“那你们叫什么名字?”
大头有些尴尬,把话题岔开,他现在感觉,前面从自己身边溜过去的,应该是妹妹。
“我叫珍珍,她叫莲莲,你呢,你叫什么?”姐姐珍珍问。
“你们叫我大头好了。”大头说。
两个人吃吃地笑着。
三个人很快就走到水潭边,站在那块空地,大头朝下面看着,他看到整个山谷都已被埋进雾里,下面白花花的一片,这白色还四处流淌着,站在这里,让人很想往下跳,觉得跳下去,也是跳进一团柔软里。
他们站着看了会,又走去水潭边,在石板的台阶上坐了下来。
珍珍和莲莲两个人,坐在离大头两尺开外,珍珍坐在靠近大头这边,莲莲躲去了那边。
“你们都还在读书?”大头问。
两个人一个嗯了一声,一个说了声不,接着莲莲轻声说:
“我也快不读了,还有一个学期就初中毕业了。”
“那你不继续读高中?”
莲莲不响,过了会,她又说:“考不上的,考上也是职高班,读了有什么用。

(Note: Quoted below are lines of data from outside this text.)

lemma open_convex_strict_separation:
  fixes G :: "(complex^'n) set"
  assumes "open G" "convex G" "q \<notin> G"
  obtains n where "norm n = 1" "\<And>y. y \<in> G \<Longrightarrow> inner (y - q) n < 0"
proof (cases "G = {}")
  case True
  obtain b :: "complex^'n" where "b \<in> Basis" using nonempty_Basis by blast
  show ?thesis by (rule that[of b]) (auto simp: True norm_Basis \<open>b \<in> Basis\<close>)
next
  case False
  have cv: "convex ((+) (-q) ` G)" using assms(2) by (rule convex_translation)
  have "0 \<notin> (+) (-q) ` G" using assms(3) by auto
  from separating_hyperplane_set_0[OF cv this]
  obtain a where a: "a \<noteq> 0" "\<And>y. y \<in> G \<Longrightarrow> 0 \<le> inner a (y - q)" by auto
  have strict: "0 < inner a (y - q)" if y: "y \<in> G" for y
  proof (rule ccontr)
    assume "\<not> 0 < inner a (y - q)"
    then have z: "inner a (y - q) = 0" using a(2)[OF y] by simp
    obtain e where e: "e > 0" "ball y e \<subseteq> G" using assms(1) y open_contains_ball by blast
    define y' where "y' = y - (e / 2 / norm a) *\<^sub>R a"
    have "dist y y' = e / 2" using a(1) e by (simp add: y'_def dist_norm)
    then have "y' \<in> G" using e by auto
    moreover have "inner a (y' - q) = - (e / 2) * norm a"
      using z a(1) by (simp add: y'_def inner_diff_right algebra_simps
          power2_norm_eq_inner[symmetric] power2_eq_square)
    moreover have "- (e / 2) * norm a < 0" using e a(1) by simp
    ultimately show False using a(2) by fastforce
  qed
  show ?thesis
  proof (rule that[of "- (1 / norm a) *\<^sub>R a"])
    show "norm (- (1 / norm a) *\<^sub>R a) = 1" using a(1) by simp
    show "inner (y - q) (- (1 / norm a) *\<^sub>R a) < 0" if "y \<in> G" for y
      using strict[OF that] a(1) by (simp add: inner_commute)
  qed
qed
definition dX :: "nat \<Rightarrow> pic" where
  "dX k = [Hx - F 1 - F 2, Hx - F 3 - F 4, Hy - F 5 - F 6, F 6 - F 7, F 5 - F 6, F 7 - F 8] ! k"

definition KX :: pic where
  "KX = - 2 *s Hx - 2 *s Hy + (\<Sum>k\<in>{1..8::nat}. F k)"

definition phiImg :: "nat \<Rightarrow> pic" where
  "phiImg k = [5 *s Hx + 2 *s Hy - Fsum [1,2,3,4] - 2 *s Fsum [5,6,7,8],
               2 *s Hx + Hy - Fsum [5,6,7,8],
               2 *s Hx + Hy - Fsum [2,5,6,7,8],
               2 *s Hx + Hy - Fsum [1,5,6,7,8],
               2 *s Hx + Hy - Fsum [4,5,6,7,8],
               2 *s Hx + Hy - Fsum [3,5,6,7,8],
               Hx - F 8, Hx - F 7, Hx - F 6, Hx - F 5] ! k"

definition phiX :: "pic \<Rightarrow> pic" where
  "phiX C = (\<Sum>k<10. C $ of_nat k *s phiImg k)"

definition iotaImg :: "nat \<Rightarrow> pic" where
  "iotaImg k = [2 *s Hx + Hy - Fsum [1,3,5,6], Hx,
                Hx - F 1, F 2, Hx - F 3, F 4, Hx - F 6, Hx - F 5, F 7, F 8] ! k"

definition iota :: "pic \<Rightarrow> pic" where
  "iota C = (\<Sum>k<10. C $ of_nat k *s iotaImg k)"

end

theory Submission
  imports Defs
begin

(* All maps here are Z-linear maps of Z^10, so each identity is a finite computation with
   the matrices of iota, phi_*, the reflections w_j and the permutations sigma_2, sigma_3.
   The factorisation through w_1 is structural: sigma = sigma_3 sigma_2 is a linear isometry
   sending alpha_3 to alpha_1, hence sigma w_3 = w_1 sigma, and w_1 is an involution, so
   sigma w_1 w_2 w_0 w_1 = w_1 (sigma w_3 w_1 w_2 w_0) w_1. *)

lemma exhaust_10:
  fixes i :: 10
  shows "i = 0 \<or> i = 1 \<or> i = 2 \<or> i = 3 \<or> i = 4 \<or> i = 5 \<or> i = 6 \<or> i = 7 \<or> i = 8 \<or> i = 9"
proof (induct i)
  case (of_int z)
  then have "0 \<le> z" "z < 10" by simp_all
  then have "z = 0 \<or> z = 1 \<or> z = 2 \<or> z = 3 \<or> z = 4 \<or> z = 5 \<or> z = 6 \<or> z = 7 \<or> z = 8 \<or> z = 9"
    by arith
  then show ?case by auto
qed

lemma forall_10:
  "(\<forall>i::10. P i) \<longleftrightarrow> P 0 \<and> P 1 \<and> P 2 \<and> P 3 \<and> P 4 \<and> P 5 \<and> P 6 \<and> P 7 \<and> P 8 \<and> P 9"
  by (metis exhaust_10)

lemma sum_lessThan_10:
  "(\<Sum>k<10::nat. f k) = f 0 + f 1 + f 2 + f 3 + f 4 + f 5 + f 6 + f 7 + f 8 + f 9"
  by (simp add: numeral_eq_Suc ac_simps)

lemma sum_atLeastAtMost_1_8:
  "(\<Sum>k\<in>{1..8::nat}. f k) = f 1 + f 2 + f 3 + f 4 + f 5 + f 6 + f 7 + f 8"
  by (simp add: numeral_eq_Suc atLeastAtMostSuc_conv ac_simps)

lemma ip_commute: "ip C D = ip D C"
  unfolding ip_def by (simp add: algebra_simps)

lemma ip_add_left: "ip (C + C') D = ip C D + ip C' D"
  unfolding ip_def by (simp add: algebra_simps sum.distrib)

lemma ip_scale_left: "ip (a *s C) D = a * ip C D"
  unfolding ip_def by (simp add: algebra_simps sum_distrib_left)

lemma ip_add_right: "ip C (D + D') = ip C D + ip C D'"
  by (simp add: ip_commute[of C] ip_add_left)

lemma ip_scale_right: "ip C (a *s D) = a * ip C D"
  by (simp add: ip_commute[of C] ip_scale_left)

definition lattice_isometry :: "(pic \<Rightarrow> pic) \<Rightarrow> bool" where
  "lattice_isometry f \<longleftrightarrow> (\<forall>C D. f (C + D) = f C + f D) \<and> (\<forall>a C. f (a *s C) = a *s f C)
     \<and> (\<forall>C D. ip (f C) (f D) = ip C D)"

lemma lattice_isometry_comp:
  "lattice_isometry f \<Longrightarrow> lattice_isometry g \<Longrightarrow> lattice_isometry (f \<circ> g)"
  by (simp add: lattice_isometry_def)

lemma wr_add: "wr r (C + D) = wr r C + wr r D"
  by (simp add: wr_def ip_add_left vec_eq_iff algebra_simps)

lemma wr_scale: "wr r (a *s C) = a *s wr r C"
  by (simp add: wr_def ip_scale_left vec_eq_iff algebra_simps)

lemma ip_wr:
  assumes "ip r r = -2"
  shows "ip (wr r C) (wr r D) = ip C D"
proof -
  have "ip (wr r C) (wr r D) = ip C D + ip C r * ip r D + ip D r * ip C r + ip C r * ip D r * ip r r"
    by (simp add: wr_def ip_add_left ip_add_right ip_scale_left ip_scale_right algebra_simps)
  then show ?thesis
    using assms by (simp add: ip_commute[of r C] ip_commute[of r D] algebra_simps)
qed

lemma lattice_isometry_wr:
  assumes "ip r r = -2"
  shows "lattice_isometry (wr r)"
  using assms by (simp add: lattice_isometry_def wr_add wr_scale ip_wr)

lemma wr_wr:
  assumes "ip r r = -2"
  shows "wr r (wr r C) = C"
  using assms by (simp add: wr_def ip_add_left ip_scale_left vec_eq_iff algebra_simps)

lemma lattice_isometry_wr_conj:
  assumes "lattice_isometry f"
  shows "f (wr r C) = wr (f r) (f C)"
  using assms by (simp add: lattice_isometry_def wr_def)

lemmas basis_defs = H1_def H2_def Ex_def axis_def Fsum_def

lemma ip_explicit:
  "ip C D = C$0 * D$1 + C$1 * D$0 - C$2 * D$2 - C$3 * D$3 - C$4 * D$4 - C$5 * D$5
     - C$6 * D$6 - C$7 * D$7 - C$8 * D$8 - C$9 * D$9"
  by (simp add: ip_def numeral_eq_Suc atLeastAtMostSuc_conv)

lemma deltaStd_explicit:
  "deltaStd = 2 *s Hf + 2 *s Hg - (E 1 + E 2 + E 3 + E 4 + E 5 + E 6 + E 7 + E 8)"
  unfolding deltaStd_def sum_atLeastAtMost_1_8 ..

lemma KX_explicit:
  "KX = - 2 *s Hx - 2 *s Hy + (F 1 + F 2 + F 3 + F 4 + F 5 + F 6 + F 7 + F 8)"
  unfolding KX_def sum_atLeastAtMost_1_8 ..

lemma iota_component:
  "iota C $ 0 = 2 * C$0 + C$1 + C$2 + C$4 + C$6 + C$7" "iota C $ 1 = C$0"
  "iota C $ 2 = - C$0 - C$2" "iota C $ 3 = C$3" "iota C $ 4 = - C$0 - C$4" "iota C $ 5 = C$5"
  "iota C $ 6 = - C$0 - C$7" "iota C $ 7 = - C$0 - C$6" "iota C $ 8 = C$8" "iota C $ 9 = C$9"
  by (simp_all add: iota_def iotaImg_def sum_lessThan_10 basis_defs)

lemma phiX_component:
  "phiX C $ 0 = 5 * C$0 + 2 * C$1 + 2 * C$2 + 2 * C$3 + 2 * C$4 + 2 * C$5 + C$6 + C$7 + C$8 + C$9"
  "phiX C $ 1 = 2 * C$0 + C$1 + C$2 + C$3 + C$4 + C$5"
  "phiX C $ 2 = - C$0 - C$3" "phiX C $ 3 = - C$0 - C$2"
  "phiX C $ 4 = - C$0 - C$5" "phiX C $ 5 = - C$0 - C$4"
  "phiX C $ 6 = - 2 * C$0 - C$1 - C$2 - C$3 - C$4 - C$5 - C$9"
  "phiX C $ 7 = - 2 * C$0 - C$1 - C$2 - C$3 - C$4 - C$5 - C$8"
  "phiX C $ 8 = - 2 * C$0 - C$1 - C$2 - C$3 - C$4 - C$5 - C$7"
  "phiX C $ 9 = - 2 * C$0 - C$1 - C$2 - C$3 - C$4 - C$5 - C$6"
  by (simp_all add: phiX_def phiImg_def sum_lessThan_10 basis_defs algebra_simps)

lemma w_component:
  "w 0 C $ 0 = C$0" "w 0 C $ 1 = C$0 + C$1 + C$2 + C$3" "w 0 C $ 2 = - C$0 - C$3"
  "w 0 C $ 3 = - C$0 - C$2" "w 0 C $ 4 = C$4" "w 0 C $ 5 = C$5" "w 0 C $ 6 = C$6"
  "w 0 C $ 7 = C$7" "w 0 C $ 8 = C$8" "w 0 C $ 9 = C$9"
  "w 1 C $ 0 = C$0 + C$1 + C$6 + C$7" "w 1 C $ 1 = C$1" "w 1 C $ 2 = C$2" "w 1 C $ 3 = C$3"
  "w 1 C $ 4 = C$4" "w 1 C $ 5 = C$5" "w 1 C $ 6 = - C$1 - C$7" "w 1 C $ 7 = - C$1 - C$6"
  "w 1 C $ 8 = C$8" "w 1 C $ 9 = C$9"
  "w 2 C $ 0 = C$0" "w 2 C $ 1 = C$0 + C$1 + C$4 + C$5" "w 2 C $ 2 = C$2" "w 2 C $ 3 = C$3"
  "w 2 C $ 4 = - C$0 - C$5" "w 2 C $ 5 = - C$0 - C$4" "w 2 C $ 6 = C$6" "w 2 C $ 7 = C$7"
  "w 2 C $ 8 = C$8" "w 2 C $ 9 = C$9"
  "w 3 C $ 0 = C$0 + C$1 + C$8 + C$9" "w 3 C $ 1 = C$1" "w 3 C $ 2 = C$2" "w 3 C $ 3 = C$3"
  "w 3 C $ 4 = C$4" "w 3 C $ 5 = C$5" "w 3 C $ 6 = C$6" "w 3 C $ 7 = C$7"
  "w 3 C $ 8 = - C$1 - C$9" "w 3 C $ 9 = - C$1 - C$8"
  by (simp_all add: w_def wr_def ip_explicit aStd_def basis_defs algebra_simps)

lemma sigma_component:
  "sigma2 C $ 0 = C$0" "sigma2 C $ 1 = C$1" "sigma2 C $ 2 = C$4" "sigma2 C $ 3 = C$5"
  "sigma2 C $ 4 = C$2" "sigma2 C $ 5 = C$3" "sigma2 C $ 6 = C$6" "sigma2 C $ 7 = C$7"
  "sigma2 C $ 8 = C$8" "sigma2 C $ 9 = C$9"
  "sigma3 C $ 0 = C$0" "sigma3 C $ 1 = C$1" "sigma3 C $ 2 = C$2" "sigma3 C $ 3 = C$3"
  "sigma3 C $ 4 = C$4" "sigma3 C $ 5 = C$5" "sigma3 C $ 6 = C$8" "sigma3 C $ 7 = C$9"
  "sigma3 C $ 8 = C$6" "sigma3 C $ 9 = C$7"
  by (simp_all add: sigma2_def sigma3_def wr_def ip_explicit basis_defs algebra_simps)

lemmas pic_components = iota_component phiX_component w_component sigma_component

definition iota_inv :: "pic \<Rightarrow> pic" where
  "iota_inv C = C$0 *s Hg + C$1 *s (Hf + 2 *s Hg - Fsum [1,3,5,6]) + C$2 *s (Hg - E 1) + C$3 *s E 2
     + C$4 *s (Hg - E 3) + C$5 *s E 4 + C$6 *s (Hg - E 6) + C$7 *s (Hg - E 5) + C$8 *s E 7 + C$9 *s E 8"

lemma bij_iota: "bij iota"
proof (rule o_bij)
  show "iota \<circ> iota_inv = id" "iota_inv \<circ> iota = id"
    by (simp_all add: fun_eq_iff vec_eq_iff forall_10 iota_component iota_inv_def basis_defs)
qed

lemma ip_iota: "ip (iota C) (iota D) = ip C D"
  by (simp add: ip_explicit iota_component algebra_simps)

lemma iota_dStd: "i < 6 \<Longrightarrow> iota (dStd i) = dX i"
  unfolding vec_eq_iff forall_10 iota_component
  by (auto simp: less_Suc_eq numeral_eq_Suc dStd_def dX_def basis_defs)

lemma iota_aStd:
  "iota (aStd 0) = F 1 - F 2"
  "iota (aStd 1) = Hy - Fsum [1,3]"
  "iota (aStd 2) = F 3 - F 4"
  "iota (aStd 3) = 2 *s Hx + Hy - Fsum [1,3,5,6,7,8]"
  by (simp_all add: vec_eq_iff forall_10 iota_component aStd_def basis_defs)

lemma iota_deltaStd: "iota deltaStd = - KX"
  by (simp add: vec_eq_iff forall_10 iota_component deltaStd_explicit KX_explicit basis_defs)

lemma phiX_iota_aStd:
  "phiX (iota (aStd 0)) = iota (aStd 0)"
  "phiX (iota (aStd 1)) = iota (aStd 1) - (- KX)"
  "phiX (iota (aStd 2)) = iota (aStd 2)"
  "phiX (iota (aStd 3)) = iota (aStd 3) + (- KX)"
  by (simp_all add: vec_eq_iff forall_10 iota_component phiX_component aStd_def KX_explicit
      basis_defs)

lemma phiX_iota: "phiX (iota C) = iota ((sigma3 \<circ> sigma2 \<circ> w 1 \<circ> w 2 \<circ> w 0 \<circ> w 1) C)"
  by (simp only: vec_eq_iff forall_10 o_apply pic_components) (simp add: algebra_simps)

abbreviation phi_std :: "pic \<Rightarrow> pic" where
  "phi_std \<equiv> sigma3 \<circ> sigma2 \<circ> w 3 \<circ> w 1 \<circ> w 2 \<circ> w 0"

lemma phi_std_aStd:
  "phi_std (aStd 0) = aStd 0 - deltaStd"
  "phi_std (aStd 1) = aStd 1 + deltaStd"
  "phi_std (aStd 2) = aStd 2 - deltaStd"
  "phi_std (aStd 3) = aStd 3 + deltaStd"
  by (simp_all only: vec_eq_iff forall_10 o_apply pic_components)
    (simp_all add: aStd_def deltaStd_explicit basis_defs)

lemma ip_aStd_self: "j < 4 \<Longrightarrow> ip (aStd j) (aStd j) = -2"
  by (auto simp: less_Suc_eq numeral_eq_Suc aStd_def ip_explicit basis_defs)

lemma w_w: "j < 4 \<Longrightarrow> w j (w j C) = C"
  by (simp add: w_def wr_wr ip_aStd_self)

lemma lattice_isometry_sigma: "lattice_isometry (sigma3 \<circ> sigma2)"
  unfolding sigma2_def sigma3_def
  by (intro lattice_isometry_comp lattice_isometry_wr; simp add: ip_explicit basis_defs)

lemma sigma_aStd_3: "sigma3 (sigma2 (aStd 3)) = aStd 1"
  by (simp add: vec_eq_iff forall_10 sigma_component aStd_def basis_defs)

lemma sigma_w3: "sigma3 (sigma2 (w 3 C)) = w 1 (sigma3 (sigma2 C))"
  using lattice_isometry_wr_conj[OF lattice_isometry_sigma, of "aStd 3" C]
  by (simp add: w_def sigma_aStd_3)

lemma w1_conj_phi_std:
  "(sigma3 \<circ> sigma2 \<circ> w 1 \<circ> w 2 \<circ> w 0 \<circ> w 1) C = (w 1 \<circ> phi_std \<circ> w 1) C"
  by (simp add: sigma_w3 w_w)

”
大头明白了,知道她说的考不上,是指考不上睦城中学,能够考上的,大概只有三源中学,三源中学的高中,都是职业高中班,去那个鱼排那里,去学习养鱼养虾养螃蟹,学会这些回到这个村里,确实没什么用。
大头问珍珍:“你呢,你不上学,在这里干什么?”
“做家务啊,还有拔猪草养猪。”
“那能赚到什么钱,你就没想到出去打工?”
“打工?去哪里打?我长这么大,去过最远的地方就是三源,三源那里有工打吗?”
珍珍问大头,大头反而被她问住。他知道对珍珍这样的女孩子来说,她不仅没有去过比三源更远的地方,而且在这山坞里,她能接收外面的信息,唯一的渠道就是广播。
这里没有电视,也没有电影院,可能她比其他小孩子还好一些,因为她们妈妈在乡政府工作,还可以去乡政府看报纸,但就是报纸,乡政府除了《人民日报》《浙江日报》和《杭州日报》,不可能还有其他什么报纸,而这三份报纸,还真没有什么可看的东西。
这里连《新民晚报》都不会有,更别说今年十月刚创刊的《钱江晚报》,对她们来说,大头觉得,晚报的内容,比那些日报对她们更有帮助。
“那你想不想出去打工?”大头问。
“我想。”
珍珍还愣在那里,想不好该怎么回答这个问题,莲莲马上叫道。
“不读书了我也不想回来。”莲莲接着又说。
第二天早上醒来,大头还是光着身子先爬下床,然后从棉被下拿出大衣,轻轻地敨了敨,披在身上,接着再拿起地板上的衣服裤子,一一敨着,他还不敢太大声,怕被隔壁的珍珍和莲莲听到,知道他在干什么。大头觉得,如果那样,也太伤她们自尊了。
大头下了楼,他连毛巾和牙膏牙刷都还在那个包里,包还在赵书记办公室里,他们的早饭,也是去乡政府食堂吃。
大头下楼的时候,看到孙主任的公公坐在前面饭厅里,大头叫了声“爷爷好”,就走了出去。
到了白天,眼前这村子的一切似乎又明朗起来,大头很容易就走到晒场,走到赵书记办公室门口,看到门开着,里面没有人。大头走进去,从沙发上拿起自己的包就走出去,走到水潭边,看到曹部长和这里的团委书记两个人,也正在这里洗漱。
从今天开始,他们就在老金和小杨的陪同下,开始走进一户户人家。大头已经有心理准备,事实也果然如他所料,他们走进的每一户人家,最好的是能看到两分钟热度,更多的人,对他们都是一脸冷漠,他们在那里说着,对方根本就没有听。
问他们什么,他们最多也就是笑笑,不吭声。
等他们表示要走的时候,对方却马上站了起来,就差伸手赶他们了。
大头偷偷瞄着,他发现曹部长走出每户人家的时候,他的脸色都很难看,有些生气,老金在边上嘿嘿地陪着笑。
大头还发现,曹部长生气归生气,他和姚部长还是不一样。当初在白云源时,姚部长这样走出人家家里时,他的脸色也难看,但他更多的是觉得难堪,不是生气,他接着会疑惑的是,这些人为什么会这样。
而对曹部长来说,他生气的原因,是觉得这些人怎么能这样。